US Secretary of State Condoleezza Rice made an unannounced trip to Pakistan on Thursday to urge the Pakistani government to take a 'tough line' on terrorism in the wake of last week's militant attacks on Mumbai.

'The global threat of extremism and terrorism has to be met by all states, taking a very tough and hard line, and so that is what I am going to discuss,' Rice told reporters travelling with her from New Delhi to Islamabad.

'Pakistan has to determine its own response here. It just needs to be a robust response and it needs to be effective,' she said.

India has blamed groups based on Pakistani territory for the attack by a band of gunmen which killed nearly 200 people, including six Americans, in the country's financial capital.

Rice was going to meet army chief General Ashfaq Kayani first at army headquarters in Rawalpindi, before holding talks with President Asif Ali Zardari and Prime Minister Yousaf Raza Gilani, the leaders of an eight-month-old civilian government.

She said she was not acting as a go-between with New Delhi, and said the onus was on the Pakistani leadership 'as a whole' to tackle the threat of terrorism.

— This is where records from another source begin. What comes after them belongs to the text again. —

lemma lp_convergent_if_perturbed_scaling:
  fixes X :: "nat \<Rightarrow> nat \<Rightarrow> real" and a \<sigma> \<beta> :: "nat \<Rightarrow> real"
  assumes p: "1 \<le> p" and X: "\<And>n. lp_member p (X n)"
    and prod: "(\<lambda>n. \<Prod>k<n. a k) \<longlonglongrightarrow> L" "L \<noteq> 0"
    and step: "\<And>n. N \<le> n \<Longrightarrow>
      lp_norm p (\<lambda>i. X (Suc n) i - a n * X n i) \<le> \<sigma> n * lp_norm p (X n) + \<beta> n"
    and \<sigma>: "\<And>n. 0 \<le> \<sigma> n" "summable (\<lambda>n. \<sigma> n / \<bar>a n\<bar>)"
    and \<beta>: "\<And>n. 0 \<le> \<beta> n" "summable \<beta>"
  shows "\<exists>y. lp_member p y \<and> (\<lambda>n. lp_norm p (\<lambda>i. X n i - y i)) \<longlonglongrightarrow> 0"
proof -
  define P where "P n = (\<Prod>k<n. a k)" for n
  have "eventually (\<lambda>n. \<bar>L\<bar> / 2 < \<bar>P n\<bar>) sequentially"
    unfolding P_def using prod by (intro order_tendstoD(1)[OF tendsto_rabs[OF prod(1)]]) auto
  then obtain N0 where N0: "N \<le> N0" and P_large: "\<And>n. N0 \<le> n \<Longrightarrow> \<bar>L\<bar> / 2 < \<bar>P n\<bar>"
    unfolding eventually_sequentially by (metis max.cobounded1 max.cobounded2 order_trans)
  have P_Suc: "P (Suc n) = a n * P n" for n by (simp add: P_def)
  define Z where "Z k i = inverse (P (k + N0)) * X (k + N0) i" for k i
  have Z: "lp_member p (Z k)" for k unfolding Z_def using lp_scale[OF p X] by blast
  have increment: "lp_norm p (\<lambda>i. Z (Suc k) i - Z k i)
      \<le> \<sigma> (k + N0) / \<bar>a (k + N0)\<bar> * lp_norm p (Z k) + 2 / \<bar>L\<bar> * \<beta> (k + N0)" for k
  proof -
    have P: "\<bar>L\<bar> / 2 < \<bar>P (k + N0)\<bar>" "\<bar>L\<bar> / 2 < \<bar>P (Suc (k + N0))\<bar>" using P_large by auto
    have "\<beta> (k + N0) / \<bar>P (Suc (k + N0))\<bar> \<le> \<beta> (k + N0) / (\<bar>L\<bar> / 2)"
      using P prod(2) \<beta>(1) by (intro divide_left_mono) auto
    then have "\<beta> (k + N0) / \<bar>P (Suc (k + N0))\<bar> \<le> 2 / \<bar>L\<bar> * \<beta> (k + N0)" by (simp add: mult.commute)
    moreover have "lp_norm p (\<lambda>i. Z (Suc k) i - Z k i) \<le> \<sigma> (k + N0) / \<bar>a (k + N0)\<bar> * lp_norm p (Z k)
        + \<beta> (k + N0) / \<bar>P (Suc (k + N0))\<bar>"
      unfolding Z_def add_Suc using P prod(2) N0 step[of "k + N0"]
      by (intro lp_norm_normalised_increment[where P = P and a = a, OF p X P_Suc]) auto
    ultimately show ?thesis by linarith
  qed
  obtain y0 where y0: "lp_member p y0" "(\<lambda>k. lp_norm p (\<lambda>i. Z k i - y0 i)) \<longlonglongrightarrow> 0"
  proof (rule lp_convergent_if_increments_bounded[where \<rho> = "\<lambda>k. \<sigma> (k + N0) / \<bar>a (k + N0)\<bar>",
        OF p Z increment, THEN exE])
    show "summable (\<lambda>k. \<sigma> (k + N0) / \<bar>a (k + N0)\<bar>)" "summable (\<lambda>k. 2 / \<bar>L\<bar> * \<beta> (k + N0))"
      by (intro summable_mult summable_ignore_initial_segment \<sigma>(2) \<beta>(2))+
  qed (use \<sigma>(1) \<beta>(1) in auto)
  have "X (k + N0) = (\<lambda>i. P (k + N0) * Z k i)" for k
    using P_large[of "k + N0"] prod(2) by (auto simp: Z_def)
  moreover have "(\<lambda>k. lp_norm p (\<lambda>i. P (k + N0) * Z k i - L * y0 i)) \<longlonglongrightarrow> 0"
    using lp_tendsto_scale[OF p Z y0(1) LIMSEQ_ignore_initial_segment[OF prod(1)] y0(2)]
    by (simp add: P_def)
  ultimately have "(\<lambda>k. lp_norm p (\<lambda>i. X (k + N0) i - L * y0 i)) \<longlonglongrightarrow> 0"
    by simp
  then have "(\<lambda>n. lp_norm p (\<lambda>i. X n i - L * y0 i)) \<longlonglongrightarrow> 0"
    by (rule LIMSEQ_offset)
  then show ?thesis using lp_scale[OF p y0(1)] by blast
qed
(* Let $f\in L([-\pi,\pi]^2)$ and let $\{a^{ij}_{mn}\}_{m,n=1}^{\infty}$, $i,j\in\{0,1\}$, be its Fourier coefficients with respect to the system $\{\sin^{(i)}(mx)\sin^{(j)}(ny)\}$, where $\sin^{(0)}t=\sin t$, $\sin^{(1)}t=\cos t$. Then for any $p\in(1,\infty)$ and $q\in[1,\infty]$, with $1/p+1/p'=1$, $$\sum_{i,j=0}^{1}\sum_{m,n=1}^{\infty}\Big(\sup_{k\ge m,\,l\ge n}\frac{1}{kl}\Big|\sum_{s=1}^{k}\sum_{t=1}^{l}a^{ij}_{st}\Big|\Big)^q(mn)^{\frac{q}{p'}-1}\lesssim\|f\|^q_{L^q_{w(p,q)}},$$ with the implied constant independent of $f$ (for $q=\infty$ the left-hand side is understood as $\sum_{i,j}\sup_{m,n}(mn)^{1/p'}\sup_{k\ge m,l\ge n}\frac1{kl}|\sum_{s\le k,t\le l}a^{ij}_{st}|$ and the right-hand side as $\|f\|_{L^\infty_{w(p,\infty)}}$).
   Context: For $0<p,q<\infty$, $\|f\|_{L^q_{w(p,q)}}:=\big(\int_{-\pi}^{\pi}\int_{-\pi}^{\pi}|ts|^{\frac qp-1}|f(t,s)|^q\,dt\,ds\big)^{1/q}$; for $q=\infty$, $\|f\|_{L^\infty_{w(p,\infty)}}:=\operatorname{ess\,sup}_{(t,s)\in[-\pi,\pi]^2}|ts|^{1/p}|f(t,s)|$. *)

theory Defs
  imports "HOL-Analysis.Analysis" "HOL-Probability.Essential_Supremum"
begin

definition sq :: "(real \<times> real) set" where
  "sq = {-pi..pi} \<times> {-pi..pi}"

definition sinx :: "nat \<Rightarrow> real \<Rightarrow> real" where
  "sinx i t = (if i = 0 then sin t else cos t)"

definition fcoef :: "((real \<times> real) \<Rightarrow> real) \<Rightarrow> nat \<Rightarrow> nat \<Rightarrow> nat \<Rightarrow> nat \<Rightarrow> real" where
  "fcoef f i j m n = (1 / pi\<^sup>2) *
     (LINT z : sq | lebesgue. f z * sinx i (real m * fst z) * sinx j (real n * snd z))"

definition maxavg :: "((real \<times> real) \<Rightarrow> real) \<Rightarrow> nat \<Rightarrow> nat \<Rightarrow> nat \<Rightarrow> nat \<Rightarrow> ennreal" where
  "maxavg f i j m n = (SUP (k, l) \<in> {(k, l). m \<le> k \<and> n \<le> l}.
     ennreal (\<bar>\<Sum>s=1..k. \<Sum>t=1..l. fcoef f i j s t\<bar> / (real k * real l)))"

definition enn_powr :: "ennreal \<Rightarrow> real \<Rightarrow> ennreal" where
  "enn_powr x q = (if x = \<infinity> then \<infinity> else ennreal (enn2real x powr q))"

definition wnorm_q :: "real \<Rightarrow> real \<Rightarrow> ((real \<times> real) \<Rightarrow> real) \<Rightarrow> ennreal" where
  "wnorm_q p q f = (\<integral>\<^sup>+ z. indicator sq z *
     ennreal (\<bar>fst z * snd z\<bar> powr (q / p - 1) * \<bar>f z\<bar> powr q) \<partial>lebesgue)"

definition wnorm_inf :: "real \<Rightarrow> ((real \<times> real) \<Rightarrow> real) \<Rightarrow> ennreal" where
  "wnorm_inf p f = esssup (restrict_space lebesgue sq)
     (\<lambda>z. ennreal (\<bar>fst z * snd z\<bar> powr (1 / p) * \<bar>f z\<bar>))"

end

theory Submission
  imports Defs
begin

text \<open>
  Put D(u) = 4 / max 4 u, i.e. min 1 (4 / u) for u > 0. On [-pi, pi] the kernels
  sum_{s <= k} sin^(i)(s x) are bounded by k D(k |x|), so every rectangular mean of the
  coefficients with k >= m and l >= n is at most pi^-2 B(m, n), where
  B(m, n) = integral of |f| D(m |x|) D(n |y|) over the square is decreasing in m and n.
  Holder's inequality against the weight |xy|^-b D(m |x|) D(n |y|), whose integral is
  O((mn)^(b - 1)), bounds B(m, n)^q by (mn)^((b - 1)(q - 1)) times the integral of
  |xy|^(b (q - 1)) |f|^q D(m |x|) D(n |y|). Summing over m and n under the integral and comparing
  sum_m m^e D(m |x|) with the integral of t^e D(t |x|) over t > 0, which is O(|x|^(-e - 1)),
  produces exactly the weight |xy|^(q/p - 1) once b is chosen with e = b (q - 1) - q/p in (-1, 0).
  For q = infinity the pointwise bound |f| <= ||f|| |xy|^(-1/p) and the same weight integral suffice.
\<close>

section \<open>The majorant of the sine and cosine kernels\<close>

text \<open>Written as 4 / max 4 u rather than min 1 (4 / u) so that the value at u = 0 is 1,
  not the HOL junk value of 4 / 0.\<close>
definition dirichlet_majorant :: "real \<Rightarrow> real" where
  "dirichlet_majorant u = 4 / max 4 u"

lemma dirichlet_majorant_pos: "0 < dirichlet_majorant u"
  by (simp add: dirichlet_majorant_def)

lemma dirichlet_majorant_le_one: "dirichlet_majorant u \<le> 1"
  by (simp add: dirichlet_majorant_def)

lemma dirichlet_majorant_antimono: "u \<le> v \<Longrightarrow> dirichlet_majorant v \<le> dirichlet_majorant u"
  unfolding dirichlet_majorant_def by (intro divide_left_mono) auto

lemma dirichlet_majorant_eq_one: "u \<le> 4 \<Longrightarrow> dirichlet_majorant u = 1"
  by (simp add: dirichlet_majorant_def)

lemma dirichlet_majorant_eq_divide: "4 \<le> u \<Longrightarrow> dirichlet_majorant u = 4 / u"
  by (simp add: dirichlet_majorant_def)

lemma borel_measurable_dirichlet_majorant [measurable]:
  "dirichlet_majorant \<in> borel_measurable borel"
  unfolding dirichlet_majorant_def by measurable

lemma sin_ge_half:
  fixes t :: real
  assumes "0 \<le> t" "t \<le> pi / 2"
  shows "t / 2 \<le> sin t"
proof -
  have "t - t ^ 3 / 6 \<le> sin t"
    using Maclaurin_sin_bound[of t 3] assms unfolding abs_le_iff
    by (simp add: sin_coeff_def eval_nat_numeral fact_numeral)
  moreover have "t \<le> 1.6"
    using assms pi_approx by simp
  then have "t * t \<le> 3"
    using mult_mono[of t "1.6" t "1.6"] assms by simp
  then have "t ^ 3 / 6 \<le> t / 2"
    using mult_left_mono[of "t * t" 3 t] assms by (simp add: power3_eq_cube)
  ultimately show ?thesis by simp
qed

definition sinx_kernel :: "nat \<Rightarrow> nat \<Rightarrow> real \<Rightarrow> real" where
  "sinx_kernel i k x = (\<Sum>s=1..k. sinx i (real s * x))"

lemma borel_measurable_sinx [measurable]: "sinx i \<in> borel_measurable borel"
  unfolding sinx_def[abs_def] by (cases "i = 0") simp_all

lemma borel_measurable_sinx_kernel [measurable]: "sinx_kernel i k \<in> borel_measurable borel"
  unfolding sinx_kernel_def[abs_def] by measurable

lemma abs_sinx_le_one: "\<bar>sinx i t\<bar> \<le> 1"
  by (simp add: sinx_def)

lemma abs_sinx_kernel_le: "\<bar>sinx_kernel i k x\<bar> \<le> real k"
  unfolding sinx_kernel_def
  by (rule order_trans[OF sum_abs]) (rule order_trans[OF sum_mono[OF abs_sinx_le_one]], simp)

lemma sin_kernel_telescope:
  "2 * sin (x / 2) * sinx_kernel 0 k x = cos (x / 2) - cos ((real k + 1 / 2) * x)"
proof (induction k)
  case (Suc k)
  have "x / 2 - real (Suc k) * x = - ((real k + 1 / 2) * x)"
    "x / 2 + real (Suc k) * x = (real (Suc k) + 1 / 2) * x"
    by (simp_all add: algebra_simps)
  then have "2 * sin (x / 2) * sin (real (Suc k) * x)
      = cos ((real k + 1 / 2) * x) - cos ((real (Suc k) + 1 / 2) * x)"
    using sin_times_sin[of "x / 2" "real (Suc k) * x"] by simp
  with Suc show ?case by (simp add: sinx_kernel_def sinx_def distrib_left)
qed (simp add: sinx_kernel_def)

lemma cos_kernel_telescope:
  "2 * sin (x / 2) * sinx_kernel 1 k x = sin ((real k + 1 / 2) * x) - sin (x / 2)"
proof (induction k)
  case (Suc k)
  have "x / 2 - real (Suc k) * x = - ((real k + 1 / 2) * x)"
    "x / 2 + real (Suc k) * x = (real (Suc k) + 1 / 2) * x"
    by (simp_all add: algebra_simps)
  then have "2 * sin (x / 2) * cos (real (Suc k) * x)
      = sin ((real (Suc k) + 1 / 2) * x) - sin ((real k + 1 / 2) * x)"
    using sin_times_cos[of "x / 2" "real (Suc k) * x"] by simp
  with Suc show ?case by (simp add: sinx_kernel_def sinx_def distrib_left)
qed (simp add: sinx_kernel_def)

lemma abs_sinx_kernel_le_inverse:
  assumes "x \<noteq> 0" "\<bar>x\<bar> \<le> pi"
  shows "\<bar>sinx_kernel i k x\<bar> \<le> 4 / \<bar>x\<bar>"
proof -
  have "\<bar>2 * sin (x / 2) * sinx_kernel i k x\<bar> \<le> 2"
  proof (cases "i = 0")
    case True
    have "\<bar>cos (x / 2) - cos ((real k + 1 / 2) * x)\<bar> \<le> 2"
      using abs_triangle_ineq4[of "cos (x / 2)" "cos ((real k + 1 / 2) * x)"]
        abs_cos_le_one[of "x / 2"] abs_cos_le_one[of "(real k + 1 / 2) * x"] by linarith
    with True show ?thesis by (simp only: sin_kernel_telescope)
  next
    case False
    then have "sinx_kernel i k x = sinx_kernel 1 k x" by (simp add: sinx_kernel_def sinx_def)
    have "\<bar>sin ((real k + 1 / 2) * x) - sin (x / 2)\<bar> \<le> 2"
      using abs_triangle_ineq4[of "sin ((real k + 1 / 2) * x)" "sin (x / 2)"]
        abs_sin_le_one[of "x / 2"] abs_sin_le_one[of "(real k + 1 / 2) * x"] by linarith
    then show ?thesis by (simp only: \<open>sinx_kernel i k x = sinx_kernel 1 k x\<close> cos_kernel_telescope)
  qed
  then have sin_kernel: "\<bar>sin (x / 2)\<bar> * \<bar>sinx_kernel i k x\<bar> \<le> 1"
    by (simp add: abs_mult)
  have "\<bar>x\<bar> / 4 \<le> \<bar>sin (x / 2)\<bar>"
    using sin_ge_half[of "\<bar>x\<bar> / 2"] assms by (cases "0 \<le> x") auto
  then have "\<bar>x\<bar> / 4 * \<bar>sinx_kernel i k x\<bar> \<le> 1"
    using sin_kernel by (meson abs_ge_zero mult_right_mono order_trans)
  then show ?thesis using assms by (simp add: field_simps)
qed

lemma abs_sinx_kernel_le_majorant:
  assumes "\<bar>x\<bar> \<le> pi"
  shows "\<bar>sinx_kernel i k x\<bar> \<le> real k * dirichlet_majorant (real k * \<bar>x\<bar>)"
proof (cases "real k * \<bar>x\<bar> \<le> 4")
  case True
  then show ?thesis using abs_sinx_kernel_le by (simp add: dirichlet_majorant_eq_one)
next
  case False
  then have "x \<noteq> 0" "0 < k" by (auto simp: not_le intro: Nat.gr0I)
  then show ?thesis
    using False abs_sinx_kernel_le_inverse[OF _ assms] by (simp add: dirichlet_majorant_eq_divide)
qed

section \<open>Moments of the majorant\<close>

text \<open>For -1 < c < 0 this is the integral of u powr c * dirichlet_majorant u over u > 0.\<close>
definition majorant_moment :: "real \<Rightarrow> real" where
  "majorant_moment c = 4 powr (c + 1) / (c + 1) - 4 powr (c + 1) / c"

lemma majorant_moment_pos:
  assumes "-1 < c" "c < 0"
  shows "0 < majorant_moment c"
proof -
  have "0 < 4 powr (c + 1) / (c + 1)" "4 powr (c + 1) / c < 0"
    using assms by (simp_all add: divide_pos_neg)
  then show ?thesis unfolding majorant_moment_def by linarith
qed

lemma ennreal_powr_dirichlet_majorant_le:
  "ennreal (u powr c * dirichlet_majorant u) * indicator {0<..} u
    \<le> ennreal (u powr c) * indicator {0..4} u + 4 * (ennreal (u powr (c - 1)) * indicator {4..} u)"
proof -
  consider "u \<le> 0" | "0 < u" "u \<le> 4" | "4 < u" by linarith
  then show ?thesis
  proof cases
    case 2
    then have "u powr c * dirichlet_majorant u \<le> u powr c"
      using dirichlet_majorant_le_one[of u] by (simp add: mult_left_le)
    with 2 show ?thesis
      by (simp add: indicator_def ennreal_leI add_increasing2)
  next
    case 3
    then have "u powr c * dirichlet_majorant u = 4 * u powr (c - 1)"
      by (simp add: dirichlet_majorant_eq_divide powr_diff)
    with 3 show ?thesis by (simp add: indicator_def ennreal_mult')
  qed simp
qed

lemma set_nn_integral_powr_dirichlet_majorant_le:
  assumes "-1 < c" "c < 0"
  shows "(\<integral>\<^sup>+u\<in>{0<..}. ennreal (u powr c * dirichlet_majorant u) \<partial>lborel) \<le> ennreal (majorant_moment c)"
proof -
  have head: "(\<integral>\<^sup>+u\<in>{0..4}. ennreal (u powr c) \<partial>lborel) = ennreal (4 powr (c + 1) / (c + 1))"
    using has_integral_powr_from_0[of c 4] assms by (intro nn_integral_has_integral_lebesgue') auto
  have tail: "(\<integral>\<^sup>+u\<in>{4..}. ennreal (u powr (c - 1)) \<partial>lborel) = ennreal (- (4 powr c) / c)"
    using has_integral_powr_to_inf[of "c - 1" 4] assms by (intro nn_integral_has_integral_lebesgue') auto
  have "(\<integral>\<^sup>+u\<in>{0<..}. ennreal (u powr c * dirichlet_majorant u) \<partial>lborel)
      \<le> (\<integral>\<^sup>+u. ennreal (u powr c) * indicator {0..4} u + 4 * (ennreal (u powr (c - 1)) * indicator {4..} u) \<partial>lborel)"
    by (intro nn_integral_mono ennreal_powr_dirichlet_majorant_le)
  also have "\<dots> = ennreal (4 powr (c + 1) / (c + 1)) + 4 * ennreal (- (4 powr c) / c)"
    by (subst nn_integral_add) (auto simp: nn_integral_cmult head tail)
  also have "\<dots> = ennreal (majorant_moment c)"
  proof -
    define b where "b = - (4 powr c) / c"
    have "0 \<le> b" using assms by (simp add: b_def divide_le_0_iff)
    then have "ennreal (4 powr (c + 1) / (c + 1)) + 4 * ennreal b = ennreal (4 powr (c + 1) / (c + 1) + 4 * b)"
      using assms by (simp add: ennreal_mult)
    also have "4 powr (c + 1) / (c + 1) + 4 * b = majorant_moment c"
      by (simp add: b_def majorant_moment_def powr_add)
    finally show ?thesis unfolding b_def .
  qed
  finally show ?thesis .
qed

'I am going there to talk about a Pakistani response, not to carry messages,' she said. 'This is not a matter of the international community somehow in juxtaposition, or against, the Pakistani government.'    

Rice's visit to Islamabad followed one by the chairman of the US Joint Chiefs of Staff, Admiral Mike Mullen, on Wednesday. America's top military officer urged Pakistan to investigate all possible links between the Mumbai attacks.

In a thinly veiled reference to the Kashmir-focussed militants suspected of carrying out the attack on Mumbai, Mullen also encouraged Pakistan to act against jihadi groups everywhere, not just in regions bordering Afghanistan, where Pakistani security forces have been fighting tribal militants, the Taliban and al Qaeda.

Rice met Mullen for breakfast in New Delhi, to hear his impressions from meetings with Pakistani officials. 'He really, I think, got a sense of the commitment of the Pakistani government to the public messages that they have been issuing,' Rice said.

Pakistan has condemned the assault, denied any involvement by state agencies and vowed to work with India in the investigation.

A confrontation between the South Asian rivals would undermine US-led efforts to bring stability to Afghanistan and defeat al Qaeda.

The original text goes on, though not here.